== Work to be completed ==
Scan the entries and copy each line where the word "Longrightarrow" is present.
▼▼▼
lemma bsteps_BApp:
  assumes "bstep\<^sup>*\<^sup>* s s'" and "bstep\<^sup>*\<^sup>* t t'"
  shows "bstep\<^sup>*\<^sup>* (BApp s t) (BApp s' t')"
proof -
  have "bstep\<^sup>*\<^sup>* (BApp s t) (BApp s' t)"
    using assms(1)
    by (rule rtranclp_map[where f = "\<lambda>s. BApp s t"]) (meson r_into_rtranclp bstep.appL)
  also have "bstep\<^sup>*\<^sup>* (BApp s' t) (BApp s' t')"
    using assms(2)
    by (rule rtranclp_map[where f = "BApp s'"]) (meson r_into_rtranclp bstep.appR)
  finally show ?thesis .
qed

lemma par_bstep_imp_bsteps: "par_bstep s t \<Longrightarrow> bstep\<^sup>*\<^sup>* s t"
proof (induct rule: par_bstep.induct)
  case (root_v s s' t t')
  then have "bstep\<^sup>*\<^sup>* (BApp (BAbs s) (Bang t)) (BApp (BAbs s') (Bang t'))"
    by (simp add: bsteps_BApp bsteps_BAbs bsteps_Bang)
  then show ?case by (meson bstep.root_v rtranclp.rtrancl_into_rtrancl)
next
  case (root_d s t)
  then have "bstep\<^sup>*\<^sup>* (Der (Bang s)) (Der (Bang t))"
    by (simp add: bsteps_Der bsteps_Bang)
  then show ?case by (meson bstep.root_d rtranclp.rtrancl_into_rtrancl)
qed (auto intro: bsteps_BApp bsteps_BAbs bsteps_Der bsteps_Bang)

lemma rtranclp_par_bstep_eq: "par_bstep\<^sup>*\<^sup>* = bstep\<^sup>*\<^sup>*"
  by (rule rtranclp_subset) (auto intro: bstep_imp_par_bstep par_bstep_imp_bsteps)

lemma par_bstep_blift [simp]: "par_bstep t t' \<Longrightarrow> par_bstep (blift t n) (blift t' n)"
proof (induct arbitrary: n rule: par_bstep.induct)
  case (root_v s s' t t')
  then show ?case using par_bstep.root_v[OF root_v(2)[of "Suc n"] root_v(4)[of n]] by simp
qed auto

lemma par_bstep_bsubst:
  "par_bstep t t' \<Longrightarrow> par_bstep s s' \<Longrightarrow> par_bstep (bsubst t s n) (bsubst t' s' n)"
proof (induct arbitrary: s s' n rule: par_bstep.induct)
  case (var m)
  then show ?case by (simp add: bsubst.simps(1))
next
  case (root_v t t' u u')
  then have "par_bstep (bsubst (BApp (BAbs t) (Bang u)) s n)
      (bsubst (bsubst t' (blift s' 0) (Suc n)) (bsubst u' s' n) 0)"
    by simp
  then show ?case by (simp add: bsubst_bsubst)
qed auto

fun complete_dev :: "bterm \<Rightarrow> bterm" where
  "complete_dev (BVar n) = BVar n"
| "complete_dev (BApp (BAbs u) (Bang t)) = bsubst (complete_dev u) (complete_dev t) 0"
| "complete_dev (BApp s t) = BApp (complete_dev s) (complete_dev t)"
| "complete_dev (Der (Bang t)) = complete_dev t"
| "complete_dev (Der t) = Der (complete_dev t)"
| "complete_dev (BAbs s) = BAbs (complete_dev s)"
| "complete_dev (Bang s) = Bang (complete_dev s)"

lemma complete_dev_BApp:
  "\<nexists>u v. s = BAbs u \<and> t = Bang v \<Longrightarrow>
    complete_dev (BApp s t) = BApp (complete_dev s) (complete_dev t)"
  by (cases s; cases t) auto

lemma complete_dev_Der:
  "\<nexists>v. t = Bang v \<Longrightarrow> complete_dev (Der t) = Der (complete_dev t)"
  by (cases t) auto

lemma par_bstep_complete_dev: "par_bstep s t \<Longrightarrow> par_bstep t (complete_dev s)"
proof (induct rule: par_bstep.induct)
  case (app s s' t t')
  show ?case
  proof (cases "\<exists>u v. s = BAbs u \<and> t = Bang v")
    case True
    then obtain u v where uv: "s = BAbs u" "t = Bang v" by blast
    from app.hyps(1) uv obtain u' where u': "s' = BAbs u'" "par_bstep u u'"
      by (blast elim: par_bstep_cases)
    from app.hyps(3) uv obtain v' where v': "t' = Bang v'" "par_bstep v v'"
      by (blast elim: par_bstep_cases)
    from app.hyps(2) uv u' have "par_bstep u' (complete_dev u)"
      by (auto elim: par_bstep_cases)
    moreover from app.hyps(4) uv v' have "par_bstep v' (complete_dev v)"
      by (auto elim: par_bstep_cases)
    ultimately show ?thesis using uv u' v' by simp
  next
    case False
    then show ?thesis using app by (simp add: complete_dev_BApp)
  qed
next
  case (der s t)
  show ?case
  proof (cases "\<exists>v. s = Bang v")
    case True
    then obtain v where v: "s = Bang v" by blast
    from der.hyps(1) v obtain v' where v': "t = Bang v'" by (blast elim: par_bstep_cases)
    from der.hyps(2) v v' have "par_bstep v' (complete_dev v)" by (auto elim: par_bstep_cases)
    then show ?thesis using v v' by simp
  next
    case False
    then show ?thesis using der by (simp add: complete_dev_Der)
  qed
qed (simp_all add: par_bstep_bsubst)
▲▲▲
== Solution for this task ==
lemma par_bstep_imp_bsteps: "par_bstep s t \<Longrightarrow> bstep\<^sup>*\<^sup>* s t"
lemma par_bstep_blift [simp]: "par_bstep t t' \<Longrightarrow> par_bstep (blift t n) (blift t' n)"
  "par_bstep t t' \<Longrightarrow> par_bstep s s' \<Longrightarrow> par_bstep (bsubst t s n) (bsubst t' s' n)"
  "\<nexists>u v. s = BAbs u \<and> t = Bang v \<Longrightarrow>
  "\<nexists>v. t = Bang v \<Longrightarrow> complete_dev (Der t) = Der (complete_dev t)"
lemma par_bstep_complete_dev: "par_bstep s t \<Longrightarrow> par_bstep t (complete_dev s)"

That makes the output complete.